A member of the neo-Nazi group Atomwaffen Division received a 16-month prison sentence on Wednesday for plotting to terrorize Black and Jewish journalists with swastika-strewn posters at their homes.
“The United States and other nations fought a global war to rid the world of murderous threats and violence by Nazis,” Assistant Attorney General Eric Dreiband said in a statement. “The nation and its allies defeated Nazi Germany, but Nazi-inspired threats and violence continue to plague this nation and others 75 years after the end of World War II. The defendant threatened a Jewish journalist and conspired to intimidate journalists and advocates who worked to expose anti-Semitism around the country.”
According to the plea agreement obtained by Law&Crime, Johnny Roman Garza plotted with other neo-Nazis on “Operation Erste Saule,” a German term they used to refer to the news media.
“The goal, of course, is to erode the media/states air of legitimacy by showing people that they have names and addresses, and hopefully embolden others to act as well,” wrote ringleader Cameron Shea in a chat group, according to documents. (The criminal case against Shea is ongoing. Records show he pleaded not guilty.)
Participants were supposed to find journalists in their area. According to the plea agreement, Garza told the group he found a leader of an “association of black journalists” in his state.
Posters were designed so that a target’s personal information would be written in the bottom.
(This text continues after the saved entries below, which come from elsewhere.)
definition zone_triple :: "real \<Rightarrow> (nat \<Rightarrow> real) \<Rightarrow> zone \<times> zone \<times> zone" where
  "zone_triple x xs = (zone_of x (xs 0), zone_of x (xs 1), zone_of x (xs 2))"

definition inner_forcing :: "zone multiset \<Rightarrow> bool" where
  "inner_forcing Z \<longleftrightarrow>
     (let l = count Z Outer_left; r = count Z Outer_right in
       (l = 0 \<and> r = 0) \<or> (l = 2 \<and> r = 0) \<or> (l = 0 \<and> r = 2)
       \<or> (l = 1 \<and> r = 0 \<and> count Z Inner_right \<le> 1) \<or> (l = 0 \<and> r = 1 \<and> count Z Inner_left \<le> 1))"

lemma inner_forcing_zone_profile:
  "inner_forcing (zone_profile x xs) \<longleftrightarrow> (\<lambda>(a, b, c). inner_forcing {#a, b, c#}) (zone_triple x xs)"
  by (simp add: zone_profile_def zone_triple_def)

lemma inner_forcing_Outer_left:
  "inner_forcing {#Outer_left, b, c#} \<longleftrightarrow>
     (b = Outer_left \<and> c \<in> {Inner_left, Inner_right}) \<or> (c = Outer_left \<and> b \<in> {Inner_left, Inner_right})
     \<or> (b \<in> {Inner_left, Inner_right} \<and> c \<in> {Inner_left, Inner_right} \<and> (b = Inner_left \<or> c = Inner_left))"
  by (cases b; cases c) (simp_all add: inner_forcing_def)

lemma inner_forcing_Outer_right:
  "inner_forcing {#Outer_right, b, c#} \<longleftrightarrow>
     (b = Outer_right \<and> c \<in> {Inner_left, Inner_right}) \<or> (c = Outer_right \<and> b \<in> {Inner_left, Inner_right})
     \<or> (b \<in> {Inner_left, Inner_right} \<and> c \<in> {Inner_left, Inner_right} \<and> (b = Inner_right \<or> c = Inner_right))"
  by (cases b; cases c) (simp_all add: inner_forcing_def)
Messages included:
- a message featuring swastikas and stating, “Two can play at this game. These people have names and addresses.”
- “Your actions have consequences. Our patience has its limits.”
- another message featuring swastikas, this one poster stating “We are watching. We are no one. We are everyone. We know where you live. Do not fuck with us.”
Authorities said that Garza and another person went to an apartment complex in Phoenix, Arizona to target a member of the Arizona Association of Black Journalists. He could not find a good place to leave a post, so he instead went to the home of an editor of a local Jewish publication, prosecutors said. He put the posted on a bedroom window. The missive had the editor’s personal information on the bottom. Authorities said co-conspirators in the scheme either mailed or sent other posted to other victims in Washington State or Florida.
The sentencing marks another chapter in the deterioration of the Atomwaffen Division following the successful prosecution of the group’s former Texas leader. John Cameron Denton, who ran the group in the Lone Star State, pleaded guilty to conspiring to swat journalists, a university, a church, and even a former cabinet official in July of this year.
Garza also will serve three years of supervised release.